Think about linear search for a target in a list of n items:
- Best case — the target is the very first item, so we stop after
1 comparison. That's O(1).
- Worst case — the target is last, or missing entirely, so we check all
n items. That's O(n).
- Average case — over all the places the target could be, we look at about
half the list on average, n/2 comparisons. Drop the constant and
that is also O(n).
So which one do we quote? Almost always the worst case. There are two good
reasons. First, it's a guarantee: "this will never be slower than
O(n)" is a promise you can build on, whereas "it might be fast if you
get lucky" is not. Second, the best case is often uselessly optimistic — nearly every search has
an O(1) best case, so it can't tell two algorithms apart. When
engineers design systems that must not fall over, they plan for the bad day, not the lucky one.
- An unqualified Big-O — "linear search is O(n)" — means the
worst case unless stated otherwise.
- The worst case gives an upper-bound guarantee on running time: the
algorithm will never take longer than that order.
- The average case can differ and is sometimes quoted separately (e.g. quicksort is
O(n \log n) on average but O(n^2) in the
worst case).
Big-O for space, not just time
Everything so far has counted steps — that's time complexity.
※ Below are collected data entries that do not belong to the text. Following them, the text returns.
lemma ghz_label_not_triad_point:
  assumes "x \<in> ghz_labels N" "z = x \<or> z = {0..<N} - x"
  shows "z \<noteq> {0..<N}" "z \<noteq> {1}" "z \<noteq> {0..<N} - {1}"
proof -
  note x = ghz_labelsD[OF assms(1)]
  have "0 \<in> {0..<N}" "0 \<in> {0..<N} - {1}" "0 \<notin> {1::nat}"
    using x(3) by auto
  then show "z \<noteq> {0..<N}" "z \<noteq> {1}" "z \<noteq> {0..<N} - {1}"
    using assms(2) x by metis+
qed

lemma triad_at_ghz_label:
  assumes "x \<in> ghz_labels N"
  shows "triad N p q r x = 0" "triad N p q r ({0..<N} - x) = 0"
  using ghz_label_not_triad_point[OF assms] by (simp_all add: triad_eq_0)

lemma ghz_at_triad_points:
  assumes "x \<in> ghz_labels N"
  shows "ghz N s x {0..<N} = 0" "ghz N s x {1} = 0" "ghz N s x ({0..<N} - {1}) = 0"
  using ghz_label_not_triad_point[OF assms] by (metis ghz_eq_0)+

lemma ueb_basis_cases:
  assumes "v \<in> ueb_basis N"
  obtains (ghz) s x where "s \<in> {1, -1}" "x \<in> ghz_labels N" "v = ghz N s x"
    | (triad) p q r where "(p, q, r) \<in> {(1, 2, 2), (2, 1, -2), (2, -2, 1)}" "v = triad N p q r"
  using assms unfolding ueb_basis_def by blast

lemma qvec_ueb_basis:
  assumes "2 \<le> N" "v \<in> ueb_basis N"
  shows "qvec N v"
  using assms(2)
proof (cases rule: ueb_basis_cases)
  case (ghz s x)
  show ?thesis
    unfolding ghz(3) ghz_def
    by (intro qvec_add qvec_scale qvec_ket ghz_labelsD(1)[OF ghz(2)] Diff_subset)
next
  case (triad p q r)
  have "{1} \<subseteq> {0..<N}"
    using assms(1) by simp
  then show ?thesis
    unfolding triad(2) triad_def by (intro qvec_add qvec_scale qvec_ket order_refl Diff_subset)
qed

lemma ueb_basis_at_empty:
  assumes "2 \<le> N" "v \<in> ueb_basis N"
  shows "v {} = 0"
  using assms(2)
proof (cases rule: ueb_basis_cases)
  case (ghz s x)
  have "x \<noteq> {}"
    using ghz(2) by (simp add: ghz_labels_def)
  moreover have "{0..<N} - x \<noteq> {}"
    using ghz_labelsD(3)[OF ghz(2)] by (metis empty_iff)
  ultimately show ?thesis
    unfolding ghz(3) by (intro ghz_eq_0) (metis, metis)
next
  case (triad p q r)
  have "0 \<in> {0..<N}" "0 \<in> {0..<N} - {1}"
    using assms(1) by simp_all
  then have "{} \<noteq> {0..<N}" "{} \<noteq> {0..<N} - {1}"
    by (metis empty_iff)+
  then show ?thesis
    unfolding triad(2) by (intro triad_eq_0) simp_all
qed

lemma GME_ueb_basis:
  assumes "2 \<le> N" "v \<in> ueb_basis N"
  shows "GME N v"
  using assms(2)
proof (cases rule: ueb_basis_cases)
  case (ghz s x)
  show ?thesis
  proof (rule GME_if_antipodal_support[of N v x "{}"])
    show "qvec N v"
      by (rule qvec_ueb_basis[OF assms])
    show "x \<subseteq> {0..<N}"
      by (rule ghz_labelsD(1)[OF ghz(2)])
    show "v x \<noteq> 0" "v ({0..<N} - x) \<noteq> 0"
      using ghz by (auto simp: ghz_apply_label)
    show "v y = 0" if "y \<noteq> x" "y \<noteq> {0..<N} - x" for y
      using that ghz(3) by (simp add: ghz_eq_0)
  qed
next
  case (triad p q r)
  show ?thesis
  proof (rule GME_if_antipodal_support[of N v "{1}" "{0..<N}"])
    show "qvec N v"
      by (rule qvec_ueb_basis[OF assms])
    show "{1} \<subseteq> {0..<N}"
      using assms(1) by simp
    show "v {1} \<noteq> 0" "v ({0..<N} - {1}) \<noteq> 0"
      using triad triad_apply[OF assms(1), of p q r] by auto
    show "v y = 0" if "y \<noteq> {1}" "y \<noteq> {0..<N} - {1}" "y \<noteq> {0..<N}" for y
      using that triad(2) by (simp add: triad_eq_0)
  qed
qed

lemma qinner_ghz:
  assumes "x \<subseteq> {0..<N}"
  shows "qinner N (ghz N s x) w = w x + cnj s * w ({0..<N} - x)"
proof -
  have "qinner N (ghz N s x) w = qinner N (ket x) w + cnj s * qinner N (ket ({0..<N} - x)) w"
    by (simp add: ghz_def qinner_eq_inner_on inner_on_add_left inner_on_scale_left)
  with assms show ?thesis
    by (simp add: qinner_ket)
qed

lemma qinner_triad:
  fixes N :: nat
  assumes "2 \<le> N"
  shows "qinner N (triad N p q r) w = cnj p * w {0..<N} + cnj q * w {1} + cnj r * w ({0..<N} - {1})"
proof -
  have "qinner N (triad N p q r) w
      = cnj p * qinner N (ket {0..<N}) w + cnj q * qinner N (ket {1}) w
        + cnj r * qinner N (ket ({0..<N} - {1})) w"
    by (simp add: triad_def qinner_eq_inner_on inner_on_add_left inner_on_scale_left)
  moreover have "{1} \<subseteq> {0..<N}"
    using assms by simp
  ultimately show ?thesis
    by (simp add: qinner_ket)
qed

lemma qinner_ghz_ueb_basis:
  assumes "s \<in> {1, -1}" "x \<in> ghz_labels N" "v \<in> ueb_basis N" "ghz N s x \<noteq> v"
  shows "qinner N (ghz N s x) v = 0"
proof -
  have eval: "qinner N (ghz N s x) v = v x + cnj s * v ({0..<N} - x)"
    by (rule qinner_ghz[OF ghz_labelsD(1)[OF assms(2)]])
  from assms(3) show ?thesis
  proof (cases rule: ueb_basis_cases)
    case (ghz s' x')
    show ?thesis
    proof (cases "x' = x")
      case True
      then have "1 + cnj s * s' = 0"
        using ghz assms(1,4) by auto
      then show ?thesis
        using eval ghz(3) True ghz_apply_label[OF assms(2)] by simp
    next
      case False
      then show ?thesis
        using eval ghz(3) ghz_at_other_label[OF assms(2) ghz(2) not_sym[OF False]] by simp
    qed
  next
    case (triad p q r)
    then show ?thesis
      using eval triad_at_ghz_label[OF assms(2)] by simp
  qed
qed

lemma qinner_triad_ueb_basis:
  assumes "2 \<le> N" "(p, q, r) \<in> {(1, 2, 2), (2, 1, -2), (2, -2, 1)}" "v \<in> ueb_basis N"
    and "triad N p q r \<noteq> v"
  shows "qinner N (triad N p q r) v = 0"
  using assms(3)
proof (cases rule: ueb_basis_cases)
  case (ghz s x)
  then show ?thesis
    using qinner_triad[OF assms(1)] ghz_at_triad_points[OF ghz(2)] by simp
next
  case (triad p' q' r')
  then show ?thesis
    using qinner_triad[OF assms(1)] assms(2,4) triad_apply[OF assms(1), of p' q' r'] by auto
qed

lemma orth_states_ueb_basis:
  assumes "2 \<le> N"
  shows "orth_states N (ueb_basis N)"
  unfolding orth_states_def
proof (intro conjI ballI impI)
  fix v assume "v \<in> ueb_basis N"
  then show "qstate N v"
    using GME_ueb_basis[OF assms] by (simp add: GME_def)
next
  fix u v assume u: "u \<in> ueb_basis N" and v: "v \<in> ueb_basis N" and "u \<noteq> v"
  from u show "qinner N u v = 0"
  proof (cases rule: ueb_basis_cases)
    case (ghz s x)
    then show ?thesis
      using qinner_ghz_ueb_basis[OF _ _ v] \<open>u \<noteq> v\<close> by simp
  next
    case (triad p q r)
    then show ?thesis
      using qinner_triad_ueb_basis[OF assms _ v] \<open>u \<noteq> v\<close> by simp
  qed
qed

lemma orth_compl_ueb_basis_vanishes:
  assumes "2 \<le> N" "w \<in> orth_compl N (ueb_basis N)" "z \<noteq> {}"
  shows "w z = 0"
proof -
  have orth: "qinner N v w = 0" if "v \<in> ueb_basis N" for v
    using assms(2) that by (simp add: orth_compl_def)
  have ghz_pair: "w x = 0" "w ({0..<N} - x) = 0" if "x \<in> ghz_labels N" for x
  proof -
    have "ghz N 1 x \<in> ueb_basis N" "ghz N (-1) x \<in> ueb_basis N"
      using that by (auto simp: ueb_basis_def)
    then have "qinner N (ghz N 1 x) w = 0" "qinner N (ghz N (-1) x) w = 0"
      using orth by simp_all
    then have "w x + w ({0..<N} - x) = 0" "w x - w ({0..<N} - x) = 0"
      using qinner_ghz[OF ghz_labelsD(1)[OF that]] by simp_all
    then show "w x = 0" "w ({0..<N} - x) = 0"
      by algebra+
  qed
  have "triad N 1 2 2 \<in> ueb_basis N" "triad N 2 1 (-2) \<in> ueb_basis N" "triad N 2 (-2) 1 \<in> ueb_basis N"
    by (simp_all add: ueb_basis_def)
  then have "qinner N (triad N 1 2 2) w = 0" "qinner N (triad N 2 1 (-2)) w = 0"
    "qinner N (triad N 2 (-2) 1) w = 0"
    using orth by simp_all
  then have "w {0..<N} + 2 * w {1} + 2 * w ({0..<N} - {1}) = 0"
    "2 * w {0..<N} + w {1} - 2 * w ({0..<N} - {1}) = 0"
    "2 * w {0..<N} - 2 * w {1} + w ({0..<N} - {1}) = 0"
    by (simp_all add: qinner_triad[OF assms(1)])
  then have triad_points: "w {0..<N} = 0" "w {1} = 0" "w ({0..<N} - {1}) = 0"
    by algebra+
  show ?thesis
  proof (cases "z \<subseteq> {0..<N}")
    case True
    then show ?thesis
      using ghz_pair triad_points by (cases rule: nonempty_subset_cases[OF True assms(3)]) auto
  next
    case False
    then show ?thesis
      using assms(2) by (simp add: orth_compl_def qvec_def)
  qed
qed

lemma spans_proper_ueb_basis:
  assumes "2 \<le> N"
  shows "spans_proper N (ueb_basis N)"
proof -
  have "ket {} \<notin> qspan (ueb_basis N)"
  proof
    assume "ket {} \<in> qspan (ueb_basis N)"
    then obtain F c where "F \<subseteq> ueb_basis N" "ket {} = (\<lambda>x. \<Sum>b\<in>F. c b * b x)"
      by (auto simp: qspan_def)
    then have "ket {} {} = 0"
      using ueb_basis_at_empty[OF assms] by (auto intro!: sum.neutral)
    then show False
      by (simp add: ket_def)
  qed
  then show ?thesis
    using qvec_ket[of "{}" N] by (auto simp: spans_proper_def)
qed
But the
very same notation describes how much extra memory an algorithm needs as
n grows — its space complexity. Summing a list by
keeping one running total uses a fixed amount of extra memory however long the list is, so it is
O(1) space. Making a reversed copy of a list needs room for
n more items, so it is O(n) space. Time and
space are often traded against each other — a faster algorithm may "spend" memory to buy speed —
so it pays to state which one you mean.
Big-O is a statement about growth as n gets large —
it is not a prediction of exact running time, and it deliberately hides constants and
all the small-n behaviour. So it is perfectly possible for an
O(n^2) algorithm to beat an
O(n \log n) one for small inputs, where the hidden constants and
set-up overhead dominate. A tidy little insertion sort (O(n^2)) often
outruns merge sort (O(n \log n)) on a list of a dozen items, which is
why real sorting libraries switch to a simple sort for tiny chunks.
Two more traps to sidestep. First, O(n^2) beating
O(n \log n) at n = 10 is not a
contradiction — Big-O only claims the n \log n curve wins once
n is big enough. Second, don't confuse the notation with the
case: writing O(n) tells you the growth shape, while
"worst case" tells you which input you measured. An algorithm can be quoted as
O(1) best case and O(n) worst case — both
are Big-O, just for different scenarios.